Requirement: Below are the records. Retype exactly the lines between the lines holding "Y) + J (lie_br" and "vector [- z, w", inclusive.

○ ○ ○ ○

(* Let $n\ge1$, and let $H_{2n}$ be the $(4n+1)$-dimensional Heisenberg group. Let $N=H_{2n}\times\mathbb R^3$, let $\Gamma$ be a cocompact lattice in $H_{2n}$, and let $\mathbb Z^3\subset\mathbb R^3$ be a lattice. Then the compact nilmanifold $N/(\Gamma\times\mathbb Z^3)$ admits an invariant HPKT structure.
   Context: The Heisenberg Lie algebra $\mathfrak h_{2n}$ has basis $X_1,\dots,X_{2n},Y_1,\dots,Y_{2n},Z$ with nonzero brackets $[X_j,Y_j]=Z$. $H_{2n}$ is the corresponding simply connected Lie group. An almost hyper-paracomplex structure on a manifold is a triple $(J_1,J_2,J_3)$ of endomorphisms of the tangent bundle with $J_1^2=J_2^2=\mathrm{id}$, $J_3^2=-\mathrm{id}$ and $J_1J_2=-J_2J_1=J_3$. It is hyper-paracomplex if each $J_a$ has vanishing Nijenhuis tensor. A metric $g$ is hyperparahermitian if $g(J_1X,J_1Y)=g(J_2X,J_2Y)=-g(J_3X,J_3Y)=-g(X,Y)$. An HPKT structure is a hyper-paracomplex structure together with a hyperparahermitian metric admitting a linear connection $\nabla$ with $\nabla g=\nabla J_a=0$ and totally skew-symmetric torsion. "Invariant" on a quotient of a Lie group by a discrete subgroup (acting by left translations) means induced by left-invariant structures. *)

theory Defs
  imports "HOL-Analysis.Analysis"
begin

text \<open>Lie algebra of N = H_{2n} x R^3.  The index type 'n has n elements, so
  'n x bool has 2n elements; a vector is (x, y, z, w) = sum x_j X_j + sum y_j Y_j + z Z + w,
  with w in the abelian factor R^3.\<close>

type_synonym 'n hlie = "(real^('n \<times> bool)) \<times> (real^('n \<times> bool)) \<times> real \<times> (real^3)"

definition lie_br :: "'n::finite hlie \<Rightarrow> 'n hlie \<Rightarrow> 'n hlie" where
  "lie_br u v = (0, 0,
     (\<Sum>j\<in>UNIV. fst u $ j * fst (snd v) $ j - fst v $ j * fst (snd u) $ j), 0)"

definition nijenhuis :: "('n::finite hlie \<Rightarrow> 'n hlie) \<Rightarrow> 'n hlie \<Rightarrow> 'n hlie \<Rightarrow> 'n hlie" where
  "nijenhuis J X Y = lie_br (J X) (J Y) - J (lie_br (J X) Y) - J (lie_br X (J Y)) + J (J (lie_br X Y))"

definition almost_hyper_paracomplex ::
  "('n::finite hlie \<Rightarrow> 'n hlie) \<Rightarrow> ('n hlie \<Rightarrow> 'n hlie) \<Rightarrow> ('n hlie \<Rightarrow> 'n hlie) \<Rightarrow> bool" where
  "almost_hyper_paracomplex J1 J2 J3 \<longleftrightarrow>
     linear J1 \<and> linear J2 \<and> linear J3 \<and>
     (\<forall>X. J1 (J1 X) = X) \<and> (\<forall>X. J2 (J2 X) = X) \<and> (\<forall>X. J3 (J3 X) = - X) \<and>
     (\<forall>X. J1 (J2 X) = J3 X) \<and> (\<forall>X. J2 (J1 X) = - J3 X)"

definition hyper_paracomplex ::
  "('n::finite hlie \<Rightarrow> 'n hlie) \<Rightarrow> ('n hlie \<Rightarrow> 'n hlie) \<Rightarrow> ('n hlie \<Rightarrow> 'n hlie) \<Rightarrow> bool" where
  "hyper_paracomplex J1 J2 J3 \<longleftrightarrow> almost_hyper_paracomplex J1 J2 J3 \<and>
     (\<forall>X Y. nijenhuis J1 X Y = 0) \<and> (\<forall>X Y. nijenhuis J2 X Y = 0) \<and> (\<forall>X Y. nijenhuis J3 X Y = 0)"

definition metric :: "('n::finite hlie \<Rightarrow> 'n hlie \<Rightarrow> real) \<Rightarrow> bool" where
  "metric g \<longleftrightarrow> bilinear g \<and> (\<forall>X Y. g X Y = g Y X) \<and> (\<forall>X. (\<forall>Y. g X Y = 0) \<longrightarrow> X = 0)"

definition hyperparahermitian ::
  "('n::finite hlie \<Rightarrow> 'n hlie \<Rightarrow> real) \<Rightarrow> ('n hlie \<Rightarrow> 'n hlie) \<Rightarrow> ('n hlie \<Rightarrow> 'n hlie) \<Rightarrow> ('n hlie \<Rightarrow> 'n hlie) \<Rightarrow> bool" where
  "hyperparahermitian g J1 J2 J3 \<longleftrightarrow> metric g \<and>
     (\<forall>X Y. g (J1 X) (J1 Y) = - g X Y) \<and> (\<forall>X Y. g (J2 X) (J2 Y) = - g X Y) \<and>
     (\<forall>X Y. - g (J3 X) (J3 Y) = - g X Y)"

text \<open>Torsion of a left-invariant connection, given by nabla X Y = \<nabla>_X Y on left-invariant fields.\<close>
definition torsion :: "('n::finite hlie \<Rightarrow> 'n hlie \<Rightarrow> 'n hlie) \<Rightarrow> 'n hlie \<Rightarrow> 'n hlie \<Rightarrow> 'n hlie" where
  "torsion nabla X Y = nabla X Y - nabla Y X - lie_br X Y"

definition HPKT ::
  "('n::finite hlie \<Rightarrow> 'n hlie) \<Rightarrow> ('n hlie \<Rightarrow> 'n hlie) \<Rightarrow> ('n hlie \<Rightarrow> 'n hlie) \<Rightarrow>
   ('n hlie \<Rightarrow> 'n hlie \<Rightarrow> real) \<Rightarrow> bool" where
  "HPKT J1 J2 J3 g \<longleftrightarrow> hyper_paracomplex J1 J2 J3 \<and> hyperparahermitian g J1 J2 J3 \<and>
     (\<exists>nabla. bilinear nabla \<and>
        (\<forall>X Y Z. g (nabla X Y) Z + g Y (nabla X Z) = 0) \<and>
        (\<forall>X Y. nabla X (J1 Y) = J1 (nabla X Y)) \<and>
        (\<forall>X Y. nabla X (J2 Y) = J2 (nabla X Y)) \<and>
        (\<forall>X Y. nabla X (J3 Y) = J3 (nabla X Y)) \<and>
        (\<forall>X Y Z. g (torsion nabla X Y) Z = - g (torsion nabla X Z) Y))"

end

theory Submission
  imports Defs
begin

(* All brackets are multiples of the central vector Z: [X, Y] = omega X Y Z. Take J_1, J_2, J_3
  acting blockwise and omega-anti-invariant, [J X, Y] = - [X, J Y]; for J^2 = +-1 this alone makes
  the Nijenhuis tensor vanish. The neutral metric pairs the X- and Y-blocks through the standard
  symplectic form of R^2n and the null vector Z with the third direction of R^3, so that
  g([X, Y], -) = omega X Y theta with theta = g(Z, -). The connection nabla_X = theta(X) L, with L
  the standard complex structure on both blocks, preserves g and the J_a, and its torsion 3-form
  is - theta wedge omega. *)

definition tau :: "real^('i::finite \<times> bool) \<Rightarrow> real^('i \<times> bool)" where
  "tau a = (\<chi> j. if snd j then - a $ (fst j, False) else a $ (fst j, True))"

lemma sum_UNIV_prod_bool:
  "(\<Sum>j\<in>UNIV. f j) = (\<Sum>i\<in>(UNIV::'i::finite set). f (i, True) + f (i, False))"
proof -
  have "(\<Sum>j\<in>UNIV. f j) = (\<Sum>i\<in>UNIV. \<Sum>b\<in>UNIV. f (i, b))"
    by (simp add: sum.cartesian_product)
  then show ?thesis
    by (simp add: UNIV_bool add.commute)
qed

lemma linear_tau: "linear tau"
  by (rule linearI) (auto simp: tau_def vec_eq_iff)

lemmas tau_add [simp] = linear_add[OF linear_tau]
  and tau_scaleR [simp] = linear_scale[OF linear_tau]
  and tau_minus [simp] = linear_neg[OF linear_tau]
  and tau_zero [simp] = linear_0[OF linear_tau]

lemma tau_tau [simp]: "tau (tau a) = - a"
  by (simp add: tau_def vec_eq_iff)

lemma inner_tau_right: "a \<bullet> tau b = - (tau a \<bullet> b)"
  by (simp add: inner_vec_def tau_def sum_UNIV_prod_bool sum_negf[symmetric] algebra_simps)

lemma inner_tau_tau [simp]: "tau a \<bullet> tau b = a \<bullet> b"
  using inner_tau_right[of "tau a" b] by simp

lemma inner_tau_commute: "a \<bullet> tau b = - (b \<bullet> tau a)"
  using inner_tau_right[of a b] inner_commute[of "tau a" b] by simp

lemma inner_vec_3: "(v::real^3) \<bullet> w = v $ 1 * w $ 1 + v $ 2 * w $ 2 + v $ 3 * w $ 3"
  by (simp add: inner_vec_def sum_3)

definition omega :: "'n::finite hlie \<Rightarrow> 'n hlie \<Rightarrow> real" where
  "omega = (\<lambda>(x, y, z, w) (x', y', z', w'). x \<bullet> y' - x' \<bullet> y)"

definition theta :: "'n::finite hlie \<Rightarrow> real" where
  "theta = (\<lambda>(x, y, z, w). w $ 3)"

lemma lie_br_omega: "lie_br X Y = (0, 0, omega X Y, 0)"
  by (cases X, cases Y) (simp add: lie_br_def omega_def inner_vec_def sum_subtractf)

lemma omega_commute: "omega Y X = - omega X Y"
  by (cases X, cases Y) (simp add: omega_def)

lemma bilinear_lie_br: "bilinear lie_br"
  unfolding bilinear_def lie_br_omega
  by (auto intro!: linearI simp: omega_def split_paired_all inner_add_left inner_add_right algebra_simps)

lemma nijenhuis_eq_0_if_lie_br_anticommute:
  assumes "linear J" and "\<And>X. J (J X) = c *\<^sub>R X"
    and "\<And>X Y. lie_br (J X) Y = - lie_br X (J Y)"
  shows "nijenhuis J X Y = 0"
proof -
  have "lie_br (J X) (J Y) = - c *\<^sub>R lie_br X Y"
    using assms(2,3) bilinear_rmul[OF bilinear_lie_br] by simp
  moreover have "J (lie_br (J X) Y) + J (lie_br X (J Y)) = 0"
    using assms(3) linear_add[OF assms(1), symmetric] by (simp add: linear_0[OF assms(1)])
  ultimately show ?thesis
    unfolding nijenhuis_def using assms(2) by (simp add: algebra_simps)
qed

definition J\<^sub>1 :: "'n::finite hlie \<Rightarrow> 'n hlie" where
  "J\<^sub>1 = (\<lambda>(x, y, z, w). (x, - y, z, vector [- w $ 1, w $ 2, - w $ 3]))"

definition J\<^sub>2 :: "'n::finite hlie \<Rightarrow> 'n hlie" where
  "J\<^sub>2 = (\<lambda>(x, y, z, w). (y, x, w $ 1, vector [z, w $ 3, w $ 2]))"

definition J\<^sub>3 :: "'n::finite hlie \<Rightarrow> 'n hlie" where
  "J\<^sub>3 = (\<lambda>(x, y, z, w). (y, - x, w $ 1, vector [- z, w $ 3, - w $ 2]))"

lemmas J_defs = J\<^sub>1_def J\<^sub>2_def J\<^sub>3_def

lemma linear_J: "linear J\<^sub>1" "linear J\<^sub>2" "linear J\<^sub>3"
  by (auto intro!: linearI simp: J_defs split_paired_all vec_eq_iff forall_3)

lemma J_J [simp]:
  fixes X :: "'n::finite hlie"
  shows "J\<^sub>1 (J\<^sub>1 X) = X" "J\<^sub>2 (J\<^sub>2 X) = X" "J\<^sub>3 (J\<^sub>3 X) = - X"
    and "J\<^sub>1 (J\<^sub>2 X) = J\<^sub>3 X" "J\<^sub>2 (J\<^sub>1 X) = - J\<^sub>3 X"
  by (cases X; simp add: J_defs vec_eq_iff forall_3)+

lemma lie_br_J_anticommute:
  fixes X Y :: "'n::finite hlie"
  shows "lie_br (J\<^sub>1 X) Y = - lie_br X (J\<^sub>1 Y)"
    and "lie_br (J\<^sub>2 X) Y = - lie_br X (J\<^sub>2 Y)"
    and "lie_br (J\<^sub>3 X) Y = - lie_br X (J\<^sub>3 Y)"
  by (cases X, cases Y, simp add: lie_br_omega omega_def J_defs inner_commute)+

lemma hyper_paracomplex_J: "hyper_paracomplex J\<^sub>1 J\<^sub>2 (J\<^sub>3 :: 'n::finite hlie \<Rightarrow> _)"
proof -
  have "nijenhuis J\<^sub>1 X Y = 0" "nijenhuis J\<^sub>2 X Y = 0" for X Y :: "'n hlie"
    by (rule nijenhuis_eq_0_if_lie_br_anticommute[where c = 1];
        simp add: linear_J lie_br_J_anticommute)+
  moreover have "nijenhuis J\<^sub>3 X Y = 0" for X Y :: "'n hlie"
    by (rule nijenhuis_eq_0_if_lie_br_anticommute[where c = "- 1"];
        simp add: linear_J lie_br_J_anticommute)
  ultimately show ?thesis
    unfolding hyper_paracomplex_def almost_hyper_paracomplex_def by (simp add: linear_J)
qed

(* The pairing x \<bullet> tau y' of the X- and Y-blocks must be skew, since J\<^sub>2 swaps the
  blocks and has to be anti-isometric; this is why the X-block has even dimension. *)

definition g\<^sub>0 :: "'n::finite hlie \<Rightarrow> 'n hlie \<Rightarrow> real" where
  "g\<^sub>0 = (\<lambda>(x, y, z, w) (x', y', z', w').
     x \<bullet> tau y' + x' \<bullet> tau y + z * w' $ 3 + z' * w $ 3 - w $ 1 * w' $ 2 - w' $ 1 * w $ 2)"

definition D\<^sub>0 :: "'n::finite hlie \<Rightarrow> 'n hlie" where
  "D\<^sub>0 = (\<lambda>(x, y, z, w). (tau y, - tau x, w $ 3, vector [- w $ 2, - w $ 1, z]))"

lemma bilinear_g\<^sub>0: "bilinear g\<^sub>0"
  unfolding bilinear_def
  by (auto intro!: linearI simp: g\<^sub>0_def split_paired_all inner_add_left inner_add_right algebra_simps)

lemma g\<^sub>0_commute: "g\<^sub>0 X Y = g\<^sub>0 Y X"
  by (cases X, cases Y) (simp add: g\<^sub>0_def algebra_simps)

lemma g\<^sub>0_D\<^sub>0: "g\<^sub>0 X (D\<^sub>0 X) = X \<bullet> X"
  by (cases X) (simp add: g\<^sub>0_def D\<^sub>0_def inner_prod_def inner_vec_3)

lemma metric_g\<^sub>0: "metric g\<^sub>0"
  unfolding metric_def
proof (intro conjI allI impI bilinear_g\<^sub>0 g\<^sub>0_commute)
  show "X = 0" if "\<forall>Y. g\<^sub>0 X Y = 0" for X :: "'n::finite hlie"
    using that[rule_format, of "D\<^sub>0 X"] by (simp add: g\<^sub>0_D\<^sub>0)
qed

lemma g\<^sub>0_J:
  fixes X Y :: "'n::finite hlie"
  shows "g\<^sub>0 (J\<^sub>1 X) (J\<^sub>1 Y) = - g\<^sub>0 X Y"
    and "g\<^sub>0 (J\<^sub>2 X) (J\<^sub>2 Y) = - g\<^sub>0 X Y"
    and "g\<^sub>0 (J\<^sub>3 X) (J\<^sub>3 Y) = g\<^sub>0 X Y"
proof -
  obtain x y z w x' y' z' w' where XY: "X = (x, y, z, w)" "Y = (x', y', z', w')"
    by (cases X, cases Y) blast
  note swap = inner_tau_commute[of y x'] inner_tau_commute[of y' x]
  show "g\<^sub>0 (J\<^sub>1 X) (J\<^sub>1 Y) = - g\<^sub>0 X Y"
    by (simp add: XY g\<^sub>0_def J_defs)
  show "g\<^sub>0 (J\<^sub>2 X) (J\<^sub>2 Y) = - g\<^sub>0 X Y" "g\<^sub>0 (J\<^sub>3 X) (J\<^sub>3 Y) = g\<^sub>0 X Y"
    by (simp_all add: XY g\<^sub>0_def J_defs swap)
qed

lemma hyperparahermitian_g\<^sub>0: "hyperparahermitian g\<^sub>0 J\<^sub>1 J\<^sub>2 (J\<^sub>3 :: 'n::finite hlie \<Rightarrow> _)"
  unfolding hyperparahermitian_def by (simp add: metric_g\<^sub>0 g\<^sub>0_J)

(* The sign of L\<^sub>0 is forced: only with g\<^sub>0 (L\<^sub>0 Y) Z = - omega Y Z is the torsion
  of nabla\<^sub>0 totally skew. *)

definition L\<^sub>0 :: "'n::finite hlie \<Rightarrow> 'n hlie" where
  "L\<^sub>0 = (\<lambda>(x, y, z, w). (- tau x, - tau y, 0, 0))"

definition nabla\<^sub>0 :: "'n::finite hlie \<Rightarrow> 'n hlie \<Rightarrow> 'n hlie" where
  "nabla\<^sub>0 X Y = theta X *\<^sub>R L\<^sub>0 Y"

lemma linear_theta: "linear theta"
  by (auto intro!: linearI simp: theta_def split_paired_all)

lemma linear_L\<^sub>0: "linear L\<^sub>0"
  by (auto intro!: linearI simp: L\<^sub>0_def split_paired_all)

lemma bilinear_nabla\<^sub>0: "bilinear nabla\<^sub>0"
  unfolding bilinear_def nabla\<^sub>0_def
  by (intro allI conjI linearI) (simp_all add: linear_add[OF linear_L\<^sub>0] linear_scale[OF linear_L\<^sub>0]
      linear_add[OF linear_theta] linear_scale[OF linear_theta] algebra_simps)

lemma L\<^sub>0_J:
  fixes X :: "'n::finite hlie"
  shows "L\<^sub>0 (J\<^sub>1 X) = J\<^sub>1 (L\<^sub>0 X)" "L\<^sub>0 (J\<^sub>2 X) = J\<^sub>2 (L\<^sub>0 X)" "L\<^sub>0 (J\<^sub>3 X) = J\<^sub>3 (L\<^sub>0 X)"
  by (cases X; simp add: L\<^sub>0_def J_defs vec_eq_iff forall_3)+

lemma nabla\<^sub>0_J:
  fixes X Y :: "'n::finite hlie"
  shows "nabla\<^sub>0 X (J\<^sub>1 Y) = J\<^sub>1 (nabla\<^sub>0 X Y)" "nabla\<^sub>0 X (J\<^sub>2 Y) = J\<^sub>2 (nabla\<^sub>0 X Y)"
    "nabla\<^sub>0 X (J\<^sub>3 Y) = J\<^sub>3 (nabla\<^sub>0 X Y)"
  by (simp_all add: nabla\<^sub>0_def L\<^sub>0_J linear_scale[OF linear_J(1)] linear_scale[OF linear_J(2)]
      linear_scale[OF linear_J(3)])

lemma g\<^sub>0_lie_br: "g\<^sub>0 (lie_br X Y) Z = omega X Y * theta Z"
  by (cases Z) (simp add: lie_br_omega g\<^sub>0_def theta_def)

lemma g\<^sub>0_L\<^sub>0: "g\<^sub>0 (L\<^sub>0 Y) Z = - omega Y Z"
  by (cases Y, cases Z) (simp add: L\<^sub>0_def g\<^sub>0_def omega_def)

lemma g\<^sub>0_nabla\<^sub>0_skew: "g\<^sub>0 (nabla\<^sub>0 X Y) Z + g\<^sub>0 Y (nabla\<^sub>0 X Z) = 0"
  by (simp add: nabla\<^sub>0_def bilinear_lmul[OF bilinear_g\<^sub>0] bilinear_rmul[OF bilinear_g\<^sub>0]
      g\<^sub>0_commute[of Y] g\<^sub>0_L\<^sub>0 omega_commute[of Y])

lemma g\<^sub>0_torsion:
  "g\<^sub>0 (torsion nabla\<^sub>0 X Y) Z = - (theta X * omega Y Z + theta Y * omega Z X + theta Z * omega X Y)"
proof -
  have "g\<^sub>0 (torsion nabla\<^sub>0 X Y) Z = theta X * g\<^sub>0 (L\<^sub>0 Y) Z - theta Y * g\<^sub>0 (L\<^sub>0 X) Z - g\<^sub>0 (lie_br X Y) Z"
    by (simp add: torsion_def nabla\<^sub>0_def bilinear_lsub[OF bilinear_g\<^sub>0] bilinear_lmul[OF bilinear_g\<^sub>0])
  then show ?thesis
    by (simp add: g\<^sub>0_L\<^sub>0 g\<^sub>0_lie_br omega_commute[of X Z] algebra_simps)
qed

lemma g\<^sub>0_torsion_skew: "g\<^sub>0 (torsion nabla\<^sub>0 X Y) Z = - g\<^sub>0 (torsion nabla\<^sub>0 X Z) Y"
  by (simp add: g\<^sub>0_torsion omega_commute[of Z Y] omega_commute[of Y X] omega_commute[of Z X]
      algebra_simps)

theorem mainTheorem7:
  shows "\<exists>(J1 :: 'n::finite hlie \<Rightarrow> 'n hlie) J2 J3 g. HPKT J1 J2 J3 g"
proof -
  have "HPKT J\<^sub>1 J\<^sub>2 J\<^sub>3 (g\<^sub>0 :: 'n hlie \<Rightarrow> _)"
    unfolding HPKT_def
    using hyper_paracomplex_J hyperparahermitian_g\<^sub>0 bilinear_nabla\<^sub>0 g\<^sub>0_nabla\<^sub>0_skew nabla\<^sub>0_J
      g\<^sub>0_torsion_skew
    by blast
  then show ?thesis by blast
qed

end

○ ○ ○ ○

Answer to this problem:
  moreover have "J (lie_br (J X) Y) + J (lie_br X (J Y)) = 0"
    using assms(3) linear_add[OF assms(1), symmetric] by (simp add: linear_0[OF assms(1)])
  ultimately show ?thesis
    unfolding nijenhuis_def using assms(2) by (simp add: algebra_simps)
qed

definition J\<^sub>1 :: "'n::finite hlie \<Rightarrow> 'n hlie" where
  "J\<^sub>1 = (\<lambda>(x, y, z, w). (x, - y, z, vector [- w $ 1, w $ 2, - w $ 3]))"

definition J\<^sub>2 :: "'n::finite hlie \<Rightarrow> 'n hlie" where
  "J\<^sub>2 = (\<lambda>(x, y, z, w). (y, x, w $ 1, vector [z, w $ 3, w $ 2]))"

definition J\<^sub>3 :: "'n::finite hlie \<Rightarrow> 'n hlie" where
  "J\<^sub>3 = (\<lambda>(x, y, z, w). (y, - x, w $ 1, vector [- z, w $ 3, - w $ 2]))"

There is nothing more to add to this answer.